(* Assume (A1) and let $t_n\to\infty$. Let $\phi_n(u)=\frac{1}{\bar F^{(k)}(t_n)}\log(u/t_n)\mathbb I_{u>t_n}$ and $\psi(\phi_n,u)=\int_u^{+\infty}\phi_n(s)\,dF^{(k)}(s)$ for $u\ge0$. Then $\psi(\phi_n,u)=\gamma_{n,k}:=\int\phi_n\,dF^{(k)}$ if $u\le t_n$, and, for any $\delta>0$ with $-1/\gamma_k+\delta<0$, \[ \psi(\phi_n,u)=\log\Big(\frac{u}{t_n}\Big)\frac{\bar F^{(k)}(u)}{\bar F^{(k)}(t_n)}+\gamma_k\Big(\frac{u}{t_n}\Big)^{-1/\gamma_k}+\epsilon_n(u)\Big(\frac{u}{t_n}\Big)^{-1/\gamma_k+\delta}\quad\text{if } u>t_n, \] where $\sup_{u>t_n}|\epsilon_n(u)|\to0$ as $n\to\infty$.
   Context: Let $K\ge 1$, fix $k\in\{1,\dots,K\}$. Let $X\ge0$ have continuous distribution and cause $\mathcal C\in\{1,\dots,K\}$; let $C\ge0$ be independent with continuous distribution function $G$, $\bar G=1-G$. Let $F^{(j)}(t)=P(X\le t,\mathcal C=j)$, $\bar F^{(j)}(t)=P(X>t,\mathcal C=j)$. Regular variation with index $\alpha$: $f(tx)/f(t)\to x^\alpha$ as $t\to\infty$ for all $x>0$. (A1): for every $j$, $\bar F^{(j)}$ is regularly varying with index $-1/\gamma_j$ ($\gamma_j>0$), and $\bar G$ regularly varying with index $-1/\gamma_C$ ($\gamma_C>0$). *)

theory Defs
  imports "HOL-Probability.Probability"
begin

definition regvar :: "(real \<Rightarrow> real) \<Rightarrow> real \<Rightarrow> bool" where
  "regvar f a \<longleftrightarrow> (\<forall>x>0. ((\<lambda>t. f (t * x) / f t) \<longlongrightarrow> x powr a) at_top)"

definition subsurv :: "'a measure \<Rightarrow> ('a \<Rightarrow> real) \<Rightarrow> ('a \<Rightarrow> nat) \<Rightarrow> nat \<Rightarrow> real \<Rightarrow> real" where
  "subsurv M X D j t = measure M {\<omega> \<in> space M. X \<omega> > t \<and> D \<omega> = j}"

text \<open>Integral of phi with respect to dF^(j): E[phi(X) 1{cause = j}].\<close>
definition subint :: "'a measure \<Rightarrow> ('a \<Rightarrow> real) \<Rightarrow> ('a \<Rightarrow> nat) \<Rightarrow> nat \<Rightarrow> (real \<Rightarrow> real) \<Rightarrow> real" where
  "subint M X D j \<phi> = (\<integral>\<omega>. \<phi> (X \<omega>) * indicator {\<omega>. D \<omega> = j} \<omega> \<partial>M)"

definition psi :: "'a measure \<Rightarrow> ('a \<Rightarrow> real) \<Rightarrow> ('a \<Rightarrow> nat) \<Rightarrow> nat \<Rightarrow> (real \<Rightarrow> real) \<Rightarrow> real \<Rightarrow> real" where
  "psi M X D j \<phi> u = subint M X D j (\<lambda>s. indicator {u<..} s * \<phi> s)"

end

theory Submission
  imports Defs
begin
========
An unaltered transcription of all the data above is needed.

- **Problem solution**
(* Assume (A1) and let $t_n\to\infty$. Let $\phi_n(u)=\frac{1}{\bar F^{(k)}(t_n)}\log(u/t_n)\mathbb I_{u>t_n}$ and $\psi(\phi_n,u)=\int_u^{+\infty}\phi_n(s)\,dF^{(k)}(s)$ for $u\ge0$. Then $\psi(\phi_n,u)=\gamma_{n,k}:=\int\phi_n\,dF^{(k)}$ if $u\le t_n$, and, for any $\delta>0$ with $-1/\gamma_k+\delta<0$, \[ \psi(\phi_n,u)=\log\Big(\frac{u}{t_n}\Big)\frac{\bar F^{(k)}(u)}{\bar F^{(k)}(t_n)}+\gamma_k\Big(\frac{u}{t_n}\Big)^{-1/\gamma_k}+\epsilon_n(u)\Big(\frac{u}{t_n}\Big)^{-1/\gamma_k+\delta}\quad\text{if } u>t_n, \] where $\sup_{u>t_n}|\epsilon_n(u)|\to0$ as $n\to\infty$.
   Context: Let $K\ge 1$, fix $k\in\{1,\dots,K\}$. Let $X\ge0$ have continuous distribution and cause $\mathcal C\in\{1,\dots,K\}$; let $C\ge0$ be independent with continuous distribution function $G$, $\bar G=1-G$. Let $F^{(j)}(t)=P(X\le t,\mathcal C=j)$, $\bar F^{(j)}(t)=P(X>t,\mathcal C=j)$. Regular variation with index $\alpha$: $f(tx)/f(t)\to x^\alpha$ as $t\to\infty$ for all $x>0$. (A1): for every $j$, $\bar F^{(j)}$ is regularly varying with index $-1/\gamma_j$ ($\gamma_j>0$), and $\bar G$ regularly varying with index $-1/\gamma_C$ ($\gamma_C>0$). *)

theory Defs
  imports "HOL-Probability.Probability"
begin

definition regvar :: "(real \<Rightarrow> real) \<Rightarrow> real \<Rightarrow> bool" where
  "regvar f a \<longleftrightarrow> (\<forall>x>0. ((\<lambda>t. f (t * x) / f t) \<longlongrightarrow> x powr a) at_top)"

definition subsurv :: "'a measure \<Rightarrow> ('a \<Rightarrow> real) \<Rightarrow> ('a \<Rightarrow> nat) \<Rightarrow> nat \<Rightarrow> real \<Rightarrow> real" where
  "subsurv M X D j t = measure M {\<omega> \<in> space M. X \<omega> > t \<and> D \<omega> = j}"

text \<open>Integral of phi with respect to dF^(j): E[phi(X) 1{cause = j}].\<close>
definition subint :: "'a measure \<Rightarrow> ('a \<Rightarrow> real) \<Rightarrow> ('a \<Rightarrow> nat) \<Rightarrow> nat \<Rightarrow> (real \<Rightarrow> real) \<Rightarrow> real" where
  "subint M X D j \<phi> = (\<integral>\<omega>. \<phi> (X \<omega>) * indicator {\<omega>. D \<omega> = j} \<omega> \<partial>M)"

definition psi :: "'a measure \<Rightarrow> ('a \<Rightarrow> real) \<Rightarrow> ('a \<Rightarrow> nat) \<Rightarrow> nat \<Rightarrow> (real \<Rightarrow> real) \<Rightarrow> real \<Rightarrow> real" where
  "psi M X D j \<phi> u = subint M X D j (\<lambda>s. indicator {u<..} s * \<phi> s)"

end

theory Submission
  imports Defs
begin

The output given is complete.